*WHAT YOU ARE ASKED TO DO*
The output should be all lines of the entries below in which the word "finally" occurs.

___ MATERIALS PROVIDED

(* For each integer $l\ge0$, define $$R_l(z)=2i\,p_l(z)p_l(-z)+p_l'(z)p_l(-z)+p_l'(-z)p_l(z)+2i\,z^{2l}.$$ Then $R_l(z)=0$ identically, and consequently $$G_l(z)-G_l(-z)=-2i\,z^{2l+1}\,\frac{1}{p_l(z)\,p_l(-z)}.$$
   Context: $p_l(z)=\sum_{n=0}^l\frac{i^{-n-1}}{2^{l-n}}\frac{(2l-n)!}{(l-n)!\,n!}z^n$, so that the outgoing spherical Hankel function is $h_l^{(1)}(z)=z^{-l-1}p_l(z)e^{iz}$; $p_l'$ is the derivative of $p_l$. $G_l(z)=z\,\partial h_l^{(1)}(z)/h_l^{(1)}(z)$. *)

theory Defs
  imports "HOL-Analysis.Analysis"
begin

definition p_poly :: "nat \<Rightarrow> complex \<Rightarrow> complex" where
  "p_poly l z = (\<Sum>n=0..l. (\<i> powi (- int n - 1) / 2 ^ (l - n))
      * (fact (2*l - n) / (fact (l - n) * fact n)) * z ^ n)"

definition hankel1 :: "nat \<Rightarrow> complex \<Rightarrow> complex" where
  "hankel1 l z = z powi (- int l - 1) * p_poly l z * exp (\<i> * z)"

definition G_fun :: "nat \<Rightarrow> complex \<Rightarrow> complex" where
  "G_fun l z = z * deriv (hankel1 l) z / hankel1 l z"

definition R_fun :: "nat \<Rightarrow> complex \<Rightarrow> complex" where
  "R_fun l z = 2 * \<i> * p_poly l z * p_poly l (-z)
     + deriv (p_poly l) z * p_poly l (-z) + deriv (p_poly l) (-z) * p_poly l z
     + 2 * \<i> * z ^ (2*l)"

end

theory Submission imports Defs "HOL-Computational_Algebra.Polynomial" begin

text \<open>The coefficients of \<open>p = p\<^sub>l\<close> satisfy a two-term recurrence which says that
  \<open>z p'' + (2iz - 2l) p' = 2il p\<close>, the spherical Bessel equation for \<open>h\<^sub>l\<close> with the factor
  \<open>z^(-l-1) e^(iz)\<close> removed. Combining this equation at \<open>z\<close> and at \<open>-z\<close> shows that the polynomial
  \<open>T(z) = 2i p(z) p(-z) + p'(z) p(-z) + p'(-z) p(z)\<close> satisfies the Euler equation \<open>z T' = 2l T\<close>,
  so \<open>T\<close> is a multiple of \<open>z^(2l)\<close>; the leading coefficients give \<open>T(z) = -2i z^(2l)\<close>.
  The formula for \<open>G\<^sub>l(z) - G\<^sub>l(-z)\<close> then follows from \<open>G\<^sub>l(z) = z p'(z)/p(z) + iz - (l+1)\<close>.\<close>

lemma monom_if_euler_ode:
  fixes p :: "'a::{idom,ring_char_0} poly"
  assumes "pCons 0 (pderiv p) = smult (of_nat n) p"
  shows "p = monom (coeff p n) n"
proof (rule poly_eqI)
  fix k
  have "coeff (pCons 0 (pderiv p)) k = coeff (smult (of_nat n) p) k"
    using assms by simp
  then have "(of_nat k - of_nat n) * coeff p k = 0"
    by (cases k) (simp_all add: coeff_pderiv algebra_simps)
  then have "k \<noteq> n \<Longrightarrow> coeff p k = 0"
    by simp
  then show "coeff p k = coeff (monom (coeff p n) n) k"
    by (auto simp: coeff_monom)
qed

lemma coeff_pderiv_mult_degree_sum:
  fixes p q :: "'a::{idom,ring_char_0} poly"
  shows "coeff (pderiv p * q) (degree p + degree q) = 0"
proof (cases "degree p = 0")
  case True
  then have "pderiv p = 0" by (simp add: pderiv_eq_0_iff)
  then show ?thesis by simp
next
  case False
  have "degree (pderiv p * q) \<le> (degree p - 1) + degree q"
    using degree_mult_le[of "pderiv p" q] by (simp add: degree_pderiv)
  then show ?thesis
    using False by (intro coeff_eq_0) simp
qed

definition neg_arg_poly :: "'a::comm_ring_1 poly \<Rightarrow> 'a poly" where
  "neg_arg_poly p = pcompose p [:0, -1:]"

lemma
  fixes p :: "'a::idom poly"
  shows poly_neg_arg_poly [simp]: "poly (neg_arg_poly p) z = poly p (- z)"
  and poly_pderiv_neg_arg_poly [simp]: "poly (pderiv (neg_arg_poly p)) z = - poly (pderiv p) (- z)"
  and poly_pderiv2_neg_arg_poly [simp]:
    "poly (pderiv (pderiv (neg_arg_poly p))) z = poly (pderiv (pderiv p)) (- z)"
  by (simp_all add: neg_arg_poly_def poly_pcompose pderiv_pcompose pderiv_mult pderiv_pCons pderiv_minus)

lemma degree_neg_arg_poly [simp]:
  fixes p :: "'a::idom poly"
  shows "degree (neg_arg_poly p) = degree p"
  by (simp add: neg_arg_poly_def degree_pcompose)

lemma lead_coeff_neg_arg_poly:
  fixes p :: "'a::idom poly"
  shows "lead_coeff (neg_arg_poly p) = (- 1) ^ degree p * lead_coeff p"
  by (simp add: neg_arg_poly_def lead_coeff_comp)

text \<open>Up to the factor \<open>(-1)^l z^(-2l-2)\<close>, \<open>poly (hankel_wronskian p\<^sub>l)\<close> is the Wronskian of
  \<open>h\<^sub>l(z)\<close> and \<open>h\<^sub>l(-z)\<close>, which explains why it is a monomial.\<close>
definition hankel_wronskian :: "complex poly \<Rightarrow> complex poly" where
  "hankel_wronskian p = smult (2 * \<i>) (p * neg_arg_poly p)
     + pderiv p * neg_arg_poly p - p * pderiv (neg_arg_poly p)"

lemma poly_hankel_wronskian:
  "poly (hankel_wronskian p) z
     = 2 * \<i> * poly p z * poly p (- z) + poly (pderiv p) z * poly p (- z) + poly (pderiv p) (- z) * poly p z"
  by (simp add: hankel_wronskian_def algebra_simps)

lemma coeff_hankel_wronskian_top:
  "coeff (hankel_wronskian p) (2 * degree p) = 2 * \<i> * (- 1) ^ degree p * lead_coeff p ^ 2"
proof -
  let ?q = "neg_arg_poly p"
  have n: "2 * degree p = degree p + degree ?q"
    by simp
  have "coeff (p * ?q) (degree p + degree ?q) = (- 1) ^ degree p * lead_coeff p ^ 2"
    unfolding coeff_mult_degree_sum lead_coeff_neg_arg_poly by (simp add: power2_eq_square)
  moreover have "coeff (pderiv ?q * p) (degree ?q + degree p) = 0"
    by (rule coeff_pderiv_mult_degree_sum)
  moreover have "coeff (pderiv p * ?q) (degree p + degree ?q) = 0"
    by (rule coeff_pderiv_mult_degree_sum)
  ultimately show ?thesis
    unfolding n hankel_wronskian_def coeff_diff coeff_add coeff_smult
    by (simp only: mult.commute[of p "pderiv ?q"] add.commute[of "degree ?q"]) simp
qed

lemma hankel_wronskian_euler_ode:
  assumes ode: "\<And>w. w * poly (pderiv (pderiv p)) w + (2 * \<i> * w - 2 * of_nat l) * poly (pderiv p) w
                   = 2 * \<i> * of_nat l * poly p w"
  shows "pCons 0 (pderiv (hankel_wronskian p)) = smult (of_nat (2 * l)) (hankel_wronskian p)"
proof (rule poly_eq_poly_eq_iff[THEN iffD1], rule ext)
  fix z :: complex
  define a b c where "a = poly p z" and "b = poly (pderiv p) z" and "c = poly (pderiv (pderiv p)) z"
  define A B C where "A = poly p (- z)" and "B = poly (pderiv p) (- z)"
    and "C = poly (pderiv (pderiv p)) (- z)"
  have ode_z: "z * c + (2 * \<i> * z - 2 * of_nat l) * b = 2 * \<i> * of_nat l * a"
    unfolding a_def b_def c_def by (rule ode)
  have ode_neg_z: "- z * C + (- 2 * \<i> * z - 2 * of_nat l) * B = 2 * \<i> * of_nat l * A"
    using ode[of "- z"] unfolding A_def B_def C_def by simp
  have "poly (pCons 0 (pderiv (hankel_wronskian p))) z = z * (2 * \<i> * (b * A - a * B) + c * A - a * C)"
    by (simp add: hankel_wronskian_def pderiv_mult pderiv_smult pderiv_add pderiv_diff
        a_def b_def c_def A_def B_def C_def algebra_simps)
  also have "\<dots> = A * (z * c + (2 * \<i> * z - 2 * of_nat l) * b)
      + a * (- z * C + (- 2 * \<i> * z - 2 * of_nat l) * B) + 2 * of_nat l * (b * A + a * B)"
    by (simp add: algebra_simps)
  also have "\<dots> = poly (smult (of_nat (2 * l)) (hankel_wronskian p)) z"
    unfolding ode_z ode_neg_z by (simp add: poly_hankel_wronskian a_def b_def A_def B_def algebra_simps)
  finally show "poly (pCons 0 (pderiv (hankel_wronskian p))) z
      = poly (smult (of_nat (2 * l)) (hankel_wronskian p)) z" .
qed

definition hankel_coeff :: "nat \<Rightarrow> nat \<Rightarrow> complex" where
  "hankel_coeff l n = (\<i> powi (- int n - 1) / 2 ^ (l - n)) * (fact (2*l - n) / (fact (l - n) * fact n))"

definition hankel_poly :: "nat \<Rightarrow> complex poly" where
  "hankel_poly l = (\<Sum>n\<le>l. monom (hankel_coeff l n) n)"

lemma coeff_hankel_poly: "coeff (hankel_poly l) k = (if k \<le> l then hankel_coeff l k else 0)"
  unfolding hankel_poly_def coeff_sum by (auto simp: coeff_monom)

lemma poly_hankel_poly: "poly (hankel_poly l) = p_poly l"
  by (rule ext) (simp add: hankel_poly_def p_poly_def poly_sum poly_monom hankel_coeff_def atLeast0AtMost)

lemma deriv_p_poly: "deriv (p_poly l) z = poly (pderiv (hankel_poly l)) z"
  unfolding poly_hankel_poly[symmetric] by (rule DERIV_imp_deriv) (rule poly_DERIV)

lemma degree_hankel_poly: "degree (hankel_poly l) = l"
  and lead_coeff_hankel_poly: "lead_coeff (hankel_poly l) = \<i> powi (- int l - 1)"
proof -
  have top: "coeff (hankel_poly l) l = \<i> powi (- int l - 1)"
    by (simp add: coeff_hankel_poly hankel_coeff_def mult_2)
  have "degree (hankel_poly l) \<le> l"
    by (rule degree_le) (auto simp: coeff_hankel_poly)
  moreover have "l \<le> degree (hankel_poly l)"
    by (rule le_degree) (simp add: top)
  ultimately show deg: "degree (hankel_poly l) = l" by simp
  show "lead_coeff (hankel_poly l) = \<i> powi (- int l - 1)"
    using top deg by simp
qed

lemma i_powi_neg_square: "(\<i> powi (- int l - 1)) ^ 2 = (- 1) ^ (l + 1)"
proof -
  have "- int l - 1 = - int (l + 1)" by simp
  then have "\<i> powi (- int l - 1) = inverse (\<i> ^ (l + 1))"
    by (simp only: power_int_minus power_int_of_nat)
  also have "\<dots> = - \<i> * (- \<i>) ^ l"
    by (simp add: power_inverse[symmetric])
  finally have "\<i> powi (- int l - 1) = - \<i> * (- \<i>) ^ l" .
  moreover have "(- \<i>) ^ l * (- \<i>) ^ l = (- 1 :: complex) ^ l"
    by (simp add: power_mult_distrib[symmetric])
  ultimately show ?thesis
    by (simp add: power2_eq_square algebra_simps)
qed

lemma hankel_coeff_recurrence:
  assumes "k < l"
  shows "of_nat (k + 1) * (of_nat k - 2 * of_nat l) * hankel_coeff l (k + 1)
           + 2 * \<i> * (of_nat k - of_nat l) * hankel_coeff l k = 0"
proof -
  obtain d where l: "l = k + 1 + d"
    using assms by (metis add.commute less_imp_Suc_add plus_1_eq_Suc add_Suc_right add_Suc_shift)
  have diffs: "l - k = Suc d" "l - (k + 1) = d" "2 * l - k = Suc (l + d)" "2 * l - (k + 1) = l + d"
    using l by auto
  have i_powi_step: "\<i> powi (- int (k + 1) - 1) = - \<i> * \<i> powi (- int k - 1)"
    using power_int_add[of \<i> "- int k - 1" "-1"] by (simp add: algebra_simps)
  define F x where "F = (fact (l + d) :: complex)" and "x = \<i> powi (- int k - 1)"
  have next_coeff: "hankel_coeff l (k + 1) = (- \<i> * x) / 2 ^ d * (F / (fact d * (of_nat (k + 1) * fact k)))"
    unfolding hankel_coeff_def diffs i_powi_step F_def x_def by (simp add: fact_Suc)
  have this_coeff: "hankel_coeff l k
      = x / (2 * 2 ^ d) * (of_nat (Suc (l + d)) * F / ((of_nat (Suc d) * fact d) * fact k))"
    unfolding hankel_coeff_def diffs F_def x_def by (simp only: fact_Suc) simp
  have factors: "(of_nat k - 2 * of_nat l :: complex) = - of_nat (Suc (l + d))"
    "(of_nat k - of_nat l :: complex) = - of_nat (Suc d)"
    using l by simp_all
  have "(1 + of_nat k :: complex) \<noteq> 0" "(1 + of_nat d :: complex) \<noteq> 0"
    by (metis add.commute of_nat_Suc of_nat_eq_0_iff nat.distinct(1))+
  then show ?thesis
    unfolding next_coeff this_coeff factors by (simp add: field_simps del: of_nat_Suc)
qed

lemma hankel_poly_ode:
  "w * poly (pderiv (pderiv (hankel_poly l))) w + (2 * \<i> * w - 2 * of_nat l) * poly (pderiv (hankel_poly l)) w
     = 2 * \<i> * of_nat l * poly (hankel_poly l) w"
proof -
  let ?p = "hankel_poly l"
  let ?ode = "pCons 0 (pderiv (pderiv ?p)) + [:- 2 * of_nat l, 2 * \<i>:] * pderiv ?p - smult (2 * \<i> * of_nat l) ?p"
  have "?ode = 0"
  proof (rule poly_eqI)
    fix n
    have coeff_ode: "coeff ?ode n = of_nat (n + 1) * (of_nat n - 2 * of_nat l) * coeff ?p (n + 1)
                                   + 2 * \<i> * (of_nat n - of_nat l) * coeff ?p n"
      by (cases n) (simp_all add: coeff_pderiv algebra_simps)
    show "coeff ?ode n = coeff 0 n"
    proof (cases "n < l")
      case True
      then show ?thesis
        unfolding coeff_ode using hankel_coeff_recurrence[OF True] by (simp add: coeff_hankel_poly)
    next
      case False
      then show ?thesis
        unfolding coeff_ode by (cases "n = l") (auto simp: coeff_hankel_poly)
    qed
  qed
  from arg_cong[OF this, of "\<lambda>q. poly q w"] show ?thesis
    by (simp add: algebra_simps)
qed

lemma hankel_wronskian_hankel_poly: "hankel_wronskian (hankel_poly l) = monom (- 2 * \<i>) (2 * l)"
proof -
  have "(- 1) ^ l * lead_coeff (hankel_poly l) ^ 2 = (- 1 :: complex)"
    unfolding lead_coeff_hankel_poly i_powi_neg_square
    by (simp add: power_add[symmetric] flip: power_mult_distrib)
  then have "coeff (hankel_wronskian (hankel_poly l)) (2 * l) = - 2 * \<i>"
    using coeff_hankel_wronskian_top[of "hankel_poly l"] by (simp add: degree_hankel_poly)
  with monom_if_euler_ode[OF hankel_wronskian_euler_ode[OF hankel_poly_ode]] show ?thesis
    by metis
qed

lemma R_fun_eq_0: "R_fun l z = 0"
  using arg_cong[OF hankel_wronskian_hankel_poly, of "\<lambda>q. poly q z"]
  by (simp add: R_fun_def poly_hankel_wronskian poly_hankel_poly deriv_p_poly poly_monom algebra_simps)

lemma hankel1_eq: "hankel1 l w = p_poly l w * exp (\<i> * w) / w ^ Suc l"
proof -
  have "- int l - 1 = - int (Suc l)" by simp
  then have "w powi (- int l - 1) = inverse (w ^ Suc l)"
    by (simp only: power_int_minus power_int_of_nat)
  then show ?thesis
    by (simp add: hankel1_def divide_inverse)
qed

lemma G_fun_eq:
  assumes "z \<noteq> 0" and "p_poly l z \<noteq> 0"
  shows "G_fun l z = z * deriv (p_poly l) z / p_poly l z + \<i> * z - of_nat (Suc l)"
proof -
  define a b e where "a = p_poly l z" and "b = deriv (p_poly l) z" and "e = exp (\<i> * z)"
  have dp: "(p_poly l has_field_derivative b) (at z)"
    using poly_DERIV[of "hankel_poly l" z] by (simp add: b_def deriv_p_poly poly_hankel_poly)
  have de: "((\<lambda>w. exp (\<i> * w)) has_field_derivative \<i> * e) (at z)"
    unfolding e_def by (auto intro!: derivative_eq_intros)
  have dpow: "((\<lambda>w. w ^ Suc l) has_field_derivative of_nat (Suc l) * z ^ l) (at z)"
    using DERIV_power[OF DERIV_ident, of "Suc l" z UNIV] by simp
  have "(hankel1 l has_field_derivative
      ((b * e + \<i> * e * a) * z ^ Suc l - a * e * (of_nat (Suc l) * z ^ l)) / (z ^ Suc l * z ^ Suc l)) (at z)"
    unfolding hankel1_eq[abs_def] using DERIV_divide[OF DERIV_mult[OF dp de] dpow] assms(1)
    by (simp add: a_def e_def)
  then have "G_fun l z = z * (((b * e + \<i> * e * a) * z ^ Suc l - a * e * (of_nat (Suc l) * z ^ l))
      / (z ^ Suc l * z ^ Suc l)) / (a * e / z ^ Suc l)"
    unfolding G_fun_def by (simp add: DERIV_imp_deriv hankel1_eq a_def e_def)
  also have "\<dots> = z * b / a + \<i> * z - of_nat (Suc l)"
    using assms by (simp add: a_def e_def field_simps)
  finally show ?thesis by (simp add: a_def b_def)
qed

theorem lemma8p4:
  fixes l :: nat
  shows "(\<forall>z. R_fun l z = 0) \<and>
    (\<forall>z. z \<noteq> 0 \<and> p_poly l z \<noteq> 0 \<and> p_poly l (-z) \<noteq> 0 \<longrightarrow>
        G_fun l z - G_fun l (-z) = - 2 * \<i> * z ^ (2*l+1) * (1 / (p_poly l z * p_poly l (-z))))"
proof (intro conjI allI impI)
  fix z show "R_fun l z = 0" by (rule R_fun_eq_0)
next
  fix z :: complex
  assume nz: "z \<noteq> 0 \<and> p_poly l z \<noteq> 0 \<and> p_poly l (-z) \<noteq> 0"
  define a A b B where "a = p_poly l z" and "A = p_poly l (- z)"
    and "b = deriv (p_poly l) z" and "B = deriv (p_poly l) (- z)"
  have R: "2 * \<i> * a * A + b * A + B * a = - 2 * \<i> * z ^ (2 * l)"
    using R_fun_eq_0[of l z] unfolding R_fun_def a_def A_def b_def B_def
    by (simp add: algebra_simps eq_neg_iff_add_eq_0)
  have "G_fun l z - G_fun l (- z) = z * b / a + \<i> * z - (- z * B / A - \<i> * z)"
    using G_fun_eq[of z l] G_fun_eq[of "- z" l] nz unfolding a_def A_def b_def B_def by simp
  also have "\<dots> = z * (2 * \<i> * a * A + b * A + B * a) / (a * A)"
    using nz by (simp add: a_def A_def field_simps)
  finally show "G_fun l z - G_fun l (- z) = - 2 * \<i> * z ^ (2 * l + 1) * (1 / (p_poly l z * p_poly l (- z)))"
    unfolding R by (simp add: a_def A_def field_simps)
qed

end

______

*RESULT OF THIS EXERCISE*
  finally show "poly (pCons 0 (pderiv (hankel_wronskian p))) z
  finally have "\<i> powi (- int l - 1) = - \<i> * (- \<i>) ^ l" .
  finally show ?thesis by (simp add: a_def b_def)
  finally show "G_fun l z - G_fun l (- z) = - 2 * \<i> * z ^ (2 * l + 1) * (1 / (p_poly l z * p_poly l (- z)))"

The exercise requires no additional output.